I haven't thought about the second question but I notice the other chap has a counter example, so I'll pass on that part.
Tania if you're taking a course in advanced calc. or real analysis, I'd be interested in seeing other problems.
RRSVVC@yahoo.com

Answer 2

For every n>=2, x_n = x_1 + (x_2 - x1) ....+ (x_n - x_(n-1)). Observe this sum telescopes.
So, (x_n)/n = (x_1)/n + ((x_2 - x1) ....+ (x_n - x_(n-1)))/n = x_1/n + ((n-1)/(n) ((x_2 - x1) ....+ (x_n - x_(n-1))/(n-1).

lim x_1/n = 0
lim (n-1)/n = 1
((x_2 - x1) ....+ (x_n - x_(n-1))/(n-1) is the sequence of arithmetic means of (x_n - x_n -1), n=2, 3, 4. Since this last sequence converges to k, so does the sequence of it's arithmetic means.

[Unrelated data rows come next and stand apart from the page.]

(* Let $d\ge2$ and let $A$ be the adjacency matrix of a tournament of Type (3) with $n=2d$ vertices whose Seidel matrix $S$ has spectrum $\{(-\theta)^1,(-\phi)^{d-1},\phi^{d-1},\theta^1\}$ with $0<\phi<\theta$ (exponents denote multiplicities). Then $d$ is odd and $S^2$ is permutationally similar to \[\begin{pmatrix}kI+lJ&0\\0&kI+lJ\end{pmatrix}\] (blocks of size $d$) for some positive integers $k,l$.
   Context: A tournament on vertex set $V$ is an orientation of the complete graph on $V$; its adjacency matrix $A$ has $A_{xy}=1$ if $x\to y$ and $0$ otherwise, and its Seidel matrix is $S=\sqrt{-1}(A-A^T)$. Let $\tau_1<\cdots<\tau_s$ be the distinct eigenvalues of $S$ with multiplicities $m_i$, and main angles $\beta_i=\frac1{\sqrt n}\|E_ij\|$, where $E_i$ is the orthogonal projection onto the $\tau_i$-eigenspace and $j$ the all-ones vector. The tournament is of Type (1) if $\beta_1=0$; of Type (2) if $\beta_1\neq0$ and $m_1>1$; of Type (3) if $m_1=1$, $\beta_2=0$ and $c_2<0$, where $c_2=n\beta_1^2/(\tau_1-\tau_2)+\sum_{i=3}^s n\beta_i^2/(\tau_i-\tau_2)$; and of Type (4) otherwise. $I$ and $J$ are the identity and all-ones matrices; two matrices $M,N$ are permutationally similar if $N=PMP^T$ for a permutation matrix $P$. *)

theory Defs
  imports "Jordan_Normal_Form.Determinant" "Jordan_Normal_Form.Char_Poly"
begin

definition tournament_adj :: "nat \<Rightarrow> int mat \<Rightarrow> bool" where
  "tournament_adj n A \<longleftrightarrow> A \<in> carrier_mat n n \<and>
     (\<forall>x<n. A $$ (x,x) = 0) \<and>
     (\<forall>x<n. \<forall>y<n. x \<noteq> y \<longrightarrow>
        (A $$ (x,y) = 1 \<and> A $$ (y,x) = 0) \<or> (A $$ (x,y) = 0 \<and> A $$ (y,x) = 1))"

So, lim (x_n)/n = 0 + 1* k = k, as desired.

The converse is not true. Put x_n = k*n + sin(n). Then, lim (x_n)/n = k, because sin(n) is bounded. But x_n - x_(n-1) = k + sin(n) - sin(n-1), so that it doesn't have a limit because sin(n) - sin(n-1) diverges. Actually, sin(n) - sin(n-1) = 2 sin(1) cos(n -1/2). Since this is a periodic sequence with period 2pi, irrational, it's dense in [-1, 1], so diverges.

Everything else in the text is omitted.